"How do I become the best graduate I can be?" "What makes a professional so good at what they do, when they started out like me?" Why can’t I get the hang of this course?"
Maybe these questions have passed your mind before, or maybe it’s got you thinking. If so, that’s totally okay – it’s all part of forming the "design mindset".
Making the shift from school to university is a transition that is already riddled with fears, excitement and new possibilities. Making that shift to an arts university, however, means that everything you learned in school is able to be reframed and thought about in a creative way, informing every next step you take as an undergraduate.
Actually doing that though, is challenging for some people – especially when it involves trying to develop a design mindset. On a personal note, moving from doing Geography, English Literature and Art for A-Levels, to immediately studying BA (Hons) Interior Architecture and Design in AUB, was a shift that has changed my design mindset forever. I feel I can safely say, entering my second year, I feel more confident that a design mindset is a transient thing that has the potential to change and grow in the favour of any creative who chooses to nurture it.

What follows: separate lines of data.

lemma E_op_idem: "fin_prob \<mu> \<Longrightarrow> E_op \<mu> i (E_op \<mu> i f) x = E_op \<mu> i f x"
  by (metis E_op_eq_kernel_at avg_at_indep_coord indep_coord_E_op)

lemma E_op_L_op: "fin_prob \<mu> \<Longrightarrow> E_op \<mu> i (L_op \<mu> i f) x = 0"
proof -
  assume a: "fin_prob \<mu>"
  have "E_op \<mu> i (L_op \<mu> i f) x = E_op \<mu> i f x - E_op \<mu> i (E_op \<mu> i f) x"
    unfolding L_op_def E_op_eq_kernel_at by (rule kernel_at_diff)
  then show ?thesis using E_op_idem[OF a] by simp
qed

lemma LS_op_empty[simp]: "LS_op \<mu> {} f = f"
  by (simp add: LS_op_def)

lemma L_op_commute: "i \<noteq> j \<Longrightarrow> L_op \<mu> i (L_op \<mu> j f) = L_op \<mu> j (L_op \<mu> i f)"
  by (simp add: L_op_eq_kernel_at kernel_at_commute fun_eq_iff)

lemma foldr_insort_L:
  assumes "i \<notin> set xs"
  shows "foldr (L_op \<mu>) (insort i xs) f = L_op \<mu> i (foldr (L_op \<mu>) xs f)"
  using assms
proof (induction xs)
  case Nil
  then show ?case by simp
next
  case (Cons a xs)
  then show ?case by (auto simp: L_op_commute)
qed

lemma LS_op_insert:
  assumes "finite S" "i \<notin> S"
  shows "LS_op \<mu> (insert i S) f = L_op \<mu> i (LS_op \<mu> S f)"
  using assms by (simp add: LS_op_def sorted_list_of_set_insert foldr_insort_L)

lemma LS_op_kernel_at:
  assumes "finite S" "i \<notin> S"
  shows "LS_op \<mu> S (kernel_at k i g) = kernel_at k i (LS_op \<mu> S g)"
  using assms
proof (induction S rule: finite_induct)
  case empty
  then show ?case by simp
next
  case (insert j S)
  have "LS_op \<mu> (insert j S) (kernel_at k i g) = L_op \<mu> j (kernel_at k i (LS_op \<mu> S g))"
    using insert by (simp add: LS_op_insert)
  also have "\<dots> = kernel_at k i (L_op \<mu> j (LS_op \<mu> S g))"
    using insert by (simp add: L_op_eq_kernel_at kernel_at_commute fun_eq_iff)
  also have "\<dots> = kernel_at k i (LS_op \<mu> (insert j S) g)"
    using insert by (simp add: LS_op_insert)
  finally show ?case .
qed

lemma LS_op_insert_inner:
  assumes "finite S" "i \<notin> S"
  shows "LS_op \<mu> (insert i S) f = LS_op \<mu> S (L_op \<mu> i f)"
  using assms by (simp add: LS_op_insert L_op_eq_kernel_at LS_op_kernel_at)

text \<open>The energy of \<open>g\<close> splits orthogonally as \<open>\<parallel>E\<^sub>ig\<parallel>\<^sup>2 + \<parallel>L\<^sub>ig\<parallel>\<^sup>2\<close>, which
  dominates \<open>\<parallel>E\<^sub>ig + \<sigma> L\<^sub>ig\<parallel>\<^sup>2 + c \<parallel>L\<^sub>ig\<parallel>\<^sup>2\<close>.\<close>

lemma kernel_on_noise_at_sq_le:
  assumes mu: "fin_prob \<mu>" and J: "finite J" "i \<in> J" and sc: "\<sigma>\<^sup>2 + c \<le> 1"
  shows "avg_on \<mu> J (\<lambda>w. (noise_at \<mu> \<sigma> i g w)\<^sup>2 + c * (L_op \<mu> i g w)\<^sup>2) x
    \<le> avg_on \<mu> J (\<lambda>w. (g w)\<^sup>2) x"
proof -
  define Eg where "Eg = E_op \<mu> i g"
  define Lg where "Lg = L_op \<mu> i g"
  have J_eq: "J = insert i (J - {i})" and fin: "finite (J - {i})" "i \<notin> J - {i}"
    using J by auto
  have cross: "avg_on \<mu> J (\<lambda>w. Eg w * Lg w) x = 0"
  proof -
    have "avg_at \<mu> i (\<lambda>w. Eg w * Lg w) = (\<lambda>_. 0)"
      using kernel_at_indep_mult[of i Eg "avg_kernel \<mu>" Lg] E_op_L_op[OF mu, of i g]
      unfolding Eg_def Lg_def by (simp add: indep_coord_avg_at E_op_eq_kernel_at fun_eq_iff)
    then show ?thesis
      using kernel_on_insert_inner[OF fin] J_eq by (metis kernel_on_zero)
  qed
  have "avg_on \<mu> J (\<lambda>w. (g w)\<^sup>2) x
      - avg_on \<mu> J (\<lambda>w. (noise_at \<mu> \<sigma> i g w)\<^sup>2 + c * (Lg w)\<^sup>2) x
      = avg_on \<mu> J (\<lambda>w. (1 - \<sigma>\<^sup>2 - c) * (Lg w)\<^sup>2 + (2 * (1 - \<sigma>)) * (Eg w * Lg w)) x"
    unfolding kernel_on_diff[symmetric] Eg_def Lg_def
    by (intro kernel_on_cong) (simp add: kernel_at_noise L_op_def power2_eq_square algebra_simps)
  also have "\<dots> = (1 - \<sigma>\<^sup>2 - c) * avg_on \<mu> J (\<lambda>w. (Lg w)\<^sup>2) x"
    by (simp add: kernel_on_add kernel_on_cmult cross)
  also have "\<dots> \<ge> 0"
    using sc by (intro mult_nonneg_nonneg kernel_on_nonneg avg_kernel_nonneg[OF mu]) auto
  finally show ?thesis
    unfolding Lg_def by simp
qed

section \<open>Induction over the coordinates\<close>

lemma sum_Pow_insert:
  assumes "finite J" "i \<notin> J"
  shows "(\<Sum>S\<in>Pow (insert i J). F S) = (\<Sum>S\<in>Pow J. F S) + (\<Sum>S\<in>Pow J. F (insert i S))"
proof -
  have d: "Pow J \<inter> insert i ` Pow J = {}" using assms(2) by auto
  have inj: "inj_on (insert i) (Pow J)"
    using assms(2) unfolding inj_on_def by (metis PowD insert_ident subsetD)
  have "(\<Sum>S\<in>Pow (insert i J). F S) = (\<Sum>S\<in>Pow J \<union> insert i ` Pow J. F S)"
    by (simp add: Pow_insert)
  also have "\<dots> = (\<Sum>S\<in>Pow J. F S) + (\<Sum>S\<in>insert i ` Pow J. F S)"
    using assms(1) d by (intro sum.union_disjoint) auto
  also have "(\<Sum>S\<in>insert i ` Pow J. F S) = (\<Sum>S\<in>Pow J. F (insert i S))"
    using inj by (simp add: sum.reindex)
  finally show ?thesis .
qed

lemma sum_weighted_noisy_derivs_le:
  assumes mu: "fin_prob \<mu>" and c0: "c \<ge> 0" and sc: "\<sigma>\<^sup>2 + c \<le> 1" and fin: "finite J"
  shows "(\<Sum>S\<in>Pow J. c ^ card S * avg_on \<mu> J (\<lambda>w. (noise_on \<mu> \<sigma> (J - S) (LS_op \<mu> S g) w)\<^sup>2) x)
    \<le> avg_on \<mu> J (\<lambda>w. (g w)\<^sup>2) x"
  using fin
proof (induction J arbitrary: g x rule: finite_induct)
  case empty
  then show ?case by simp
next
  case (insert i J0)
  define N where "N J h S = avg_on \<mu> J (\<lambda>w. (noise_on \<mu> \<sigma> (J - S) (LS_op \<mu> S h) w)\<^sup>2)" for J h S
  define G where "G = noise_at \<mu> \<sigma> i g"
  define Lg where "Lg = L_op \<mu> i g"
  have IH: "(\<Sum>S\<in>Pow J0. c ^ card S * N J0 h S v) \<le> avg_on \<mu> J0 (\<lambda>w. (h w)\<^sup>2) v" for h v
    unfolding N_def by (rule insert(3))
  have N_out: "N (insert i J0) g S = avg_at \<mu> i (N J0 G S)" if "S \<in> Pow J0" for S
  proof -
    have S: "finite S" "i \<notin> S" and eq: "insert i J0 - S = insert i (J0 - S)"
      using that insert(1,2) finite_subset by auto
    have "noise_on \<mu> \<sigma> (insert i J0 - S) (LS_op \<mu> S g) w = noise_on \<mu> \<sigma> (J0 - S) (LS_op \<mu> S G) w" for w
      unfolding eq G_def using insert(1,2) S by (simp add: kernel_on_insert_inner LS_op_kernel_at)
    then show ?thesis
      unfolding N_def using insert(1,2) by (simp add: kernel_on_insert fun_eq_iff)
  qed
  have N_in: "N (insert i J0) g (insert i S) = avg_at \<mu> i (N J0 Lg S)" if "S \<in> Pow J0" for S
  proof -
    have "finite S" "i \<notin> S" "insert i J0 - insert i S = J0 - S"
      using that insert(1,2) finite_subset by auto
    then show ?thesis
      unfolding N_def Lg_def using insert(1,2) by (simp add: kernel_on_insert LS_op_insert_inner fun_eq_iff)
  qed
  have card_in: "card (insert i S) = Suc (card S)" if "S \<in> Pow J0" for S
  proof -
    have "finite S" "i \<notin> S"
      using that insert(1,2) finite_subset by auto
    then show ?thesis by simp
  qed
  have "(\<Sum>S\<in>Pow (insert i J0). c ^ card S * N (insert i J0) g S x)
      = (\<Sum>S\<in>Pow J0. c ^ card S * avg_at \<mu> i (N J0 G S) x)
        + c * (\<Sum>S\<in>Pow J0. c ^ card S * avg_at \<mu> i (N J0 Lg S) x)"
    using insert(1,2) by (simp add: sum_Pow_insert N_out N_in card_in sum_distrib_left ac_simps)
  also have "\<dots> = avg_at \<mu> i (\<lambda>v. \<Sum>S\<in>Pow J0. c ^ card S * N J0 G S v) x
      + c * avg_at \<mu> i (\<lambda>v. \<Sum>S\<in>Pow J0. c ^ card S * N J0 Lg S v) x"
    by (simp only: kernel_at_sum kernel_at_cmult)
  also have "\<dots> \<le> avg_at \<mu> i (avg_on \<mu> J0 (\<lambda>w. (G w)\<^sup>2)) x + c * avg_at \<mu> i (avg_on \<mu> J0 (\<lambda>w. (Lg w)\<^sup>2)) x"
    using avg_kernel_nonneg[OF mu] IH c0 by (intro add_mono mult_left_mono kernel_at_mono) auto
  also have "\<dots> = avg_on \<mu> (insert i J0) (\<lambda>w. (G w)\<^sup>2 + c * (Lg w)\<^sup>2) x"
    using insert(1,2) by (simp add: kernel_on_add kernel_on_cmult kernel_on_insert)
  also have "\<dots> \<le> avg_on \<mu> (insert i J0) (\<lambda>w. (g w)\<^sup>2) x"
    unfolding G_def Lg_def using insert(1) sc by (intro kernel_on_noise_at_sq_le mu) auto
  finally show ?case
    unfolding N_def .
qed

text \<open>\<open>noisy_deriv_sq \<mu> \<sigma> J S g x\<close> is \<open>\<parallel>T\<^sub>\<sigma> D\<^sub>S\<^sub>,\<^sub>x g\<parallel>\<^sub>2\<^sup>2\<close>, the norm taken over the
  coordinates \<open>J - S\<close>.\<close>

definition noisy_deriv_sq :: "('a::finite \<Rightarrow> real) \<Rightarrow> real \<Rightarrow> nat set \<Rightarrow> nat set \<Rightarrow>
    ((nat \<Rightarrow> 'a) \<Rightarrow> real) \<Rightarrow> (nat \<Rightarrow> 'a) \<Rightarrow> real" where
  "noisy_deriv_sq \<mu> \<sigma> J S g x = avg_on \<mu> (J - S) (\<lambda>w. (noise_on \<mu> \<sigma> (J - S) (LS_op \<mu> S g) w)\<^sup>2) x"

lemma kernel_on_noise_at:
  "kernel_on k R (noise_at \<mu> \<rho> i u) x = kernel_on k R (E_op \<mu> i u) x + \<rho> * kernel_on k R (L_op \<mu> i u) x"
proof -
  have "noise_at \<mu> \<rho> i u = (\<lambda>x. E_op \<mu> i u x + \<rho> * L_op \<mu> i u x)"
    by (intro ext) (rule kernel_at_noise)
  then show ?thesis
    by (simp add: kernel_on_add kernel_on_cmult)
qed

text \<open>Splitting \<open>L\<^sub>S g\<close> at the coordinate \<open>i\<close> into its \<open>E\<^sub>i\<close>- and \<open>L\<^sub>i\<close>-parts expresses the three
  quantities of the inductive step through the squared norm \<open>s\<close> of the first part (which does not
  depend on \<open>x\<^sub>i\<close>), the squared norm \<open>t\<close> of the second, and their mean-zero correlation \<open>c\<close>.\<close>

lemma noisy_deriv_sq_decomposition:
  assumes mu: "fin_prob \<mu>" and fin: "finite J0" and iJ: "i \<notin> J0" and SJ: "S \<subseteq> J0"
  obtains s c t :: "(nat \<Rightarrow> 'a::finite) \<Rightarrow> real"
  where "\<And>v. s v \<ge> 0" "\<And>v. t v \<ge> 0" "\<And>v. (c v)\<^sup>2 \<le> s v * t v" "indep_coord i s"
    "\<And>w. avg_at \<mu> i c w = 0"
    "\<And>\<rho> v. noisy_deriv_sq \<mu> \<sigma> J0 S (noise_at \<mu> \<rho> i g) v = s v + 2 * \<rho> * c v + \<rho>\<^sup>2 * t v"
    "\<And>w. noisy_deriv_sq \<mu> \<sigma> (insert i J0) S g w = s w + \<sigma>\<^sup>2 * avg_at \<mu> i t w"
    "\<And>v. noisy_deriv_sq \<mu> \<sigma> (insert i J0) (insert i S) g v = t v"
proof -
  note kpos = avg_kernel_nonneg[OF mu]
  have fS: "finite S" and iS: "i \<notin> S"
    using SJ fin iJ finite_subset by auto
  define R where "R = J0 - S"
  have fR: "finite R" and iR: "i \<notin> R"
    using fin iJ by (auto simp: R_def)
  define u where "u = LS_op \<mu> S g"
  define P where "P = noise_on \<mu> \<sigma> R (E_op \<mu> i u)"
  define Q where "Q = noise_on \<mu> \<sigma> R (L_op \<mu> i u)"
  define s where "s = avg_on \<mu> R (\<lambda>x. (P x)\<^sup>2)"
  define c where "c = avg_on \<mu> R (\<lambda>x. P x * Q x)"
  define t where "t = avg_on \<mu> R (\<lambda>x. (Q x)\<^sup>2)"
  have indP: "indep_coord i P"
    unfolding P_def using iR by (intro indep_coord_kernel_on indep_coord_E_op)
  have inds: "indep_coord i s"
    unfolding s_def using iR by (intro indep_coord_kernel_on indep_coord_comp[OF indP])
  have s0: "s v \<ge> 0" and t0: "t v \<ge> 0" for v
    unfolding s_def t_def by (intro kernel_on_nonneg kpos; simp)+
  have CS: "(c v)\<^sup>2 \<le> s v * t v" for v
    unfolding c_def s_def t_def by (rule kernel_on_Cauchy_Schwarz[OF kpos])
  have EQ: "avg_at \<mu> i Q x = 0" for x
  proof -
    have "avg_at \<mu> i Q x = noise_on \<mu> \<sigma> R (avg_at \<mu> i (L_op \<mu> i u)) x"
      unfolding Q_def using fR iR by (simp add: kernel_on_kernel_at_commute)
    also have "avg_at \<mu> i (L_op \<mu> i u) = (\<lambda>_. 0)"
      using E_op_L_op[OF mu] by (simp add: E_op_eq_kernel_at fun_eq_iff)
    finally show ?thesis
      by (simp add: kernel_on_zero)
  qed
  have Ec: "avg_at \<mu> i c w = 0" for w
  proof -
    have "avg_at \<mu> i c w = avg_on \<mu> R (avg_at \<mu> i (\<lambda>x. P x * Q x)) w"
      unfolding c_def using fR iR by (simp add: kernel_on_kernel_at_commute)
    also have "avg_at \<mu> i (\<lambda>x. P x * Q x) = (\<lambda>_. 0)"
      by (intro ext) (simp add: kernel_at_indep_mult[OF indP] EQ)
    finally show ?thesis
      by (simp add: kernel_on_zero)
  qed
  have N1: "noisy_deriv_sq \<mu> \<sigma> J0 S (noise_at \<mu> \<rho> i g) v = s v + 2 * \<rho> * c v + \<rho>\<^sup>2 * t v" for \<rho> v
  proof -
    have "LS_op \<mu> S (noise_at \<mu> \<rho> i g) = noise_at \<mu> \<rho> i u"
      unfolding u_def using fS iS by (rule LS_op_kernel_at)
    then have "noisy_deriv_sq \<mu> \<sigma> J0 S (noise_at \<mu> \<rho> i g) v = avg_on \<mu> R (\<lambda>x. (P x + \<rho> * Q x)\<^sup>2) v"
      unfolding noisy_deriv_sq_def R_def[symmetric] P_def Q_def by (simp add: kernel_on_noise_at)
    then show ?thesis
      unfolding s_def c_def t_def by (simp add: kernel_on_square_expand)
  qed
  have N2: "noisy_deriv_sq \<mu> \<sigma> (insert i J0) S g w = s w + \<sigma>\<^sup>2 * avg_at \<mu> i t w" for w
  proof -
    have e: "insert i J0 - S = insert i R"
      using iS by (auto simp: R_def)
    have "noise_on \<mu> \<sigma> (insert i R) u x = P x + \<sigma> * Q x" for x
      unfolding P_def Q_def using fR iR by (simp add: kernel_on_insert_inner kernel_on_noise_at)
    then have "noisy_deriv_sq \<mu> \<sigma> (insert i J0) S g w = avg_at \<mu> i (avg_on \<mu> R (\<lambda>x. (P x + \<sigma> * Q x)\<^sup>2)) w"
      unfolding noisy_deriv_sq_def e u_def[symmetric] using fR iR by (simp add: kernel_on_insert)
    also have "avg_on \<mu> R (\<lambda>x. (P x + \<sigma> * Q x)\<^sup>2) = (\<lambda>v. s v + (2 * \<sigma>) * c v + \<sigma>\<^sup>2 * t v)"
      unfolding s_def c_def t_def by (intro ext) (simp add: kernel_on_square_expand)
    also have "avg_at \<mu> i (\<lambda>v. s v + (2 * \<sigma>) * c v + \<sigma>\<^sup>2 * t v) w
        = avg_at \<mu> i s w + (2 * \<sigma>) * avg_at \<mu> i c w + \<sigma>\<^sup>2 * avg_at \<mu> i t w"
      by (simp add: kernel_at_add kernel_at_cmult)
    also have "\<dots> = s w + \<sigma>\<^sup>2 * avg_at \<mu> i t w"
      using avg_at_indep_coord[OF mu inds] Ec by simp
    finally show ?thesis .
  qed
  have N3: "noisy_deriv_sq \<mu> \<sigma> (insert i J0) (insert i S) g v = t v" for v
  proof -
    have "insert i J0 - insert i S = R"
      using iJ by (auto simp: R_def)
    moreover have "LS_op \<mu> (insert i S) g = L_op \<mu> i u"
      unfolding u_def using fS iS by (rule LS_op_insert)
    ultimately show ?thesis
      unfolding noisy_deriv_sq_def t_def Q_def by simp
  qed
  show thesis
    using that[OF s0 t0 CS inds Ec N1 N2 N3] .
qed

Experimenting and finding your voice
In school, we develop a structured mindset on having the right answers for an exam coming up at the end of term, or revising as much as we can on topics we don't really like or understand. But the brilliant truth of coming to an arts university to continue our education is that it enables us as students to change this mindset to be more open-ended and explorative of new ideas, practices and boundaries.
When given briefs that are quite open-ended and broad, for example, building the design mindset needed for the industry requires you to embrace the broadness of unit briefs, and think outside of the box – a creative skill that many industries lack. This is what makes each designer unique – whichever route this imaginative thinking takes them down is entirely based on their experiences in life, framing their own design mindsets.
Authenticity is challenged in this era with the integration of AI into every crevice of creative life. It has become hard to tell at first glance whether something is genuine or created by a bot, yet given this, authentic work and effort is now valued more than ever. Authenticity is the key to growing your design mindset – stay open to other ideas, yes, but remember to root all your designs in what feels like it makes sense to you.
The studio community
Maturing the design mindset requires external input, i.e., the dreaded criticism we all fear in class when completing our work and hitting wall after wall with confusion. But it is crucial to forging a more professional way of thinking, enabling the ability to deal with challenging clients or structural limitations, budgetary constraints, etc., in the working world.
In "getting out of our own way", we can become much stronger at dealing with criticism and judgment, and even the feeling –sometimes illusion – that our peers are doing so much better than us. More constructively, collaboration with other designers in your discipline or another, can open the design mindset to possibilities and avenues of thought it has not explored yet. This could even be course friends, who all share enthusiasm but may lack the creative spark to get everyone going on their projects. Simply talking about the projects and each other’s intentions and inspirations can very quickly become useful to someone else, even to you, and this is the opening of the mindset that breaks us out of the restricted mindset of school.
It’s easy to think that the design mindset is too challenging to adopt so soon into university life. But with all the facilities at your disposal to develop your thinking and learn more creative skills than you thought possible, it can be much more possible to have a developing design mindset by first year. It will feel so liberating in comparison to school, where I know I was at times limited to the brief or exam specifications, and couldn't be more creative.
In personal experience, attending tutorials with my tutors, exploring new software and design tools, and talking to my peers has helped me grow my mindset to be more imaginative, inventive and professional by second year. And it only keeps growing, even post-graduation, as long as it keeps being fed incredible creative examples and advice. You’ll know your design mindset has developed a bit more when you realise you're doing certain things subconsciously in your projects where you once may have struggled. It takes time, and that’s the beauty of it. As time evolves, so does your mindset.